### Exercise goal
Write the entries below again, precisely as they appear.

BEGIN The data

(* For every simplicial set $X$, the canonical simplicial map $\mathrm{ESd}\,X\to\mathrm{ESd}'X$ is inner anodyne.
   Context: Work classically. $\Delta$ is the simplex category of finite ordinals $[n]$, $n\ge0$. $\mathrm{ESd}\colon\mathrm{sSet}\to\mathrm{sSet}$ is precomposition with the functor $\Delta\to\Delta$, $[n]\mapsto[n]\star[n]=[2n+1]$, $\alpha\mapsto\alpha\star\alpha$; so $(\mathrm{ESd}\,X)_n=X_{2n+1}$. $\mathrm{ESd}'\colon\mathrm{sSet}\to\mathrm{sSet}$ is the left Kan extension along the Yoneda embedding $\Delta\to\mathrm{sSet}$ of $[n]\mapsto N(\mathrm{Fun}([1],[n]))$, the nerve of the poset of pairs $(a\le b)$ in $[n]$ with the product order. The canonical map is the unique colimit-compatible natural transformation which on $X=\Delta^n$ sends a $k$-simplex $f\colon[2k+1]\to[n]$ of $\mathrm{ESd}\,\Delta^n$ to the $k$-simplex $i\mapsto(f(i),f(k+1+i))$ of $N(\mathrm{Fun}([1],[n]))$ (natural in $[n]$). A map of simplicial sets is inner anodyne if it has the left lifting property against all inner fibrations (maps with the right lifting property against the inner horn inclusions $\Lambda^n_k\hookrightarrow\Delta^n$, $0<k<n$). *)

theory Defs
  imports Main
begin
lemma eval3_altdef:
  "eval3 f (x, y, z) = (\<Sum>k\<le>degree f. \<Sum>j\<le>degree (coeff f k). \<Sum>i\<le>degree (coeff (coeff f k) j).
      coeff3 f i j k * x ^ i * y ^ j * z ^ k)"
proof -
  have "eval3 f (x, y, z) = (\<Sum>k\<le>degree f. poly (poly (coeff f k) [:y:]) x * z ^ k)"
    by (simp add: eval3_def poly_const_poly_altdef[of f] poly_sum)
  then show ?thesis
    by (simp add: poly_const_poly_altdef poly_altdef[of "coeff (coeff f _) _"]
        coeff3_def sum_distrib_right mult.assoc)
qed

lemma eval3_scale3_homogeneous:
  assumes "homogeneous3 d f"
  shows "eval3 f (scale3 c p) = c ^ d * eval3 f p"
proof -
  have scale: "coeff3 f i j k * (c * x) ^ i * (c * y) ^ j * (c * z) ^ k
      = c ^ d * (coeff3 f i j k * x ^ i * y ^ j * z ^ k)" for i j k x y z
    using assms
    by (cases "coeff3 f i j k = 0")
      (auto simp: homogeneous3_def power_add[symmetric] algebra_simps)
  show ?thesis
    by (cases p) (simp only: scale3_def prod.case eval3_altdef scale sum_distrib_left)
qed

text \<open>\<open>R\<close> is \<open>C[s,t] \<cong> S/(\<alpha>)\<close>, nested like \<open>S\<close>: \<open>t\<close> is the outer variable.\<close>

type_synonym R = "complex poly poly"

definition eval2 :: "R \<Rightarrow> complex \<times> complex \<Rightarrow> complex" where
  "eval2 r p = (case p of (s, t) \<Rightarrow> poly (poly r [:t:]) s)"

definition linear_form2 :: "complex \<Rightarrow> complex \<Rightarrow> R" where
  "linear_form2 a b = [:[:0, a:], [:b:]:]"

END The data

### Finished task
(* For every simplicial set $X$, the canonical simplicial map $\mathrm{ESd}\,X\to\mathrm{ESd}'X$ is inner anodyne.
   Context: Work classically. $\Delta$ is the simplex category of finite ordinals $[n]$, $n\ge0$. $\mathrm{ESd}\colon\mathrm{sSet}\to\mathrm{sSet}$ is precomposition with the functor $\Delta\to\Delta$, $[n]\mapsto[n]\star[n]=[2n+1]$, $\alpha\mapsto\alpha\star\alpha$; so $(\mathrm{ESd}\,X)_n=X_{2n+1}$. $\mathrm{ESd}'\colon\mathrm{sSet}\to\mathrm{sSet}$ is the left Kan extension along the Yoneda embedding $\Delta\to\mathrm{sSet}$ of $[n]\mapsto N(\mathrm{Fun}([1],[n]))$, the nerve of the poset of pairs $(a\le b)$ in $[n]$ with the product order. The canonical map is the unique colimit-compatible natural transformation which on $X=\Delta^n$ sends a $k$-simplex $f\colon[2k+1]\to[n]$ of $\mathrm{ESd}\,\Delta^n$ to the $k$-simplex $i\mapsto(f(i),f(k+1+i))$ of $N(\mathrm{Fun}([1],[n]))$ (natural in $[n]$). A map of simplicial sets is inner anodyne if it has the left lifting property against all inner fibrations (maps with the right lifting property against the inner horn inclusions $\Lambda^n_k\hookrightarrow\Delta^n$, $0<k<n$). *)

theory Defs
  imports Main
begin
lemma eval3_altdef:
  "eval3 f (x, y, z) = (\<Sum>k\<le>degree f. \<Sum>j\<le>degree (coeff f k). \<Sum>i\<le>degree (coeff (coeff f k) j).
      coeff3 f i j k * x ^ i * y ^ j * z ^ k)"
proof -
  have "eval3 f (x, y, z) = (\<Sum>k\<le>degree f. poly (poly (coeff f k) [:y:]) x * z ^ k)"
    by (simp add: eval3_def poly_const_poly_altdef[of f] poly_sum)
  then show ?thesis
    by (simp add: poly_const_poly_altdef poly_altdef[of "coeff (coeff f _) _"]
        coeff3_def sum_distrib_right mult.assoc)
qed

lemma eval3_scale3_homogeneous:
  assumes "homogeneous3 d f"
  shows "eval3 f (scale3 c p) = c ^ d * eval3 f p"
proof -
  have scale: "coeff3 f i j k * (c * x) ^ i * (c * y) ^ j * (c * z) ^ k
      = c ^ d * (coeff3 f i j k * x ^ i * y ^ j * z ^ k)" for i j k x y z
    using assms
    by (cases "coeff3 f i j k = 0")
      (auto simp: homogeneous3_def power_add[symmetric] algebra_simps)
  show ?thesis
    by (cases p) (simp only: scale3_def prod.case eval3_altdef scale sum_distrib_left)
qed

text \<open>\<open>R\<close> is \<open>C[s,t] \<cong> S/(\<alpha>)\<close>, nested like \<open>S\<close>: \<open>t\<close> is the outer variable.\<close>

type_synonym R = "complex poly poly"

definition eval2 :: "R \<Rightarrow> complex \<times> complex \<Rightarrow> complex" where
  "eval2 r p = (case p of (s, t) \<Rightarrow> poly (poly r [:t:]) s)"

definition linear_form2 :: "complex \<Rightarrow> complex \<Rightarrow> R" where
  "linear_form2 a b = [:[:0, a:], [:b:]:]"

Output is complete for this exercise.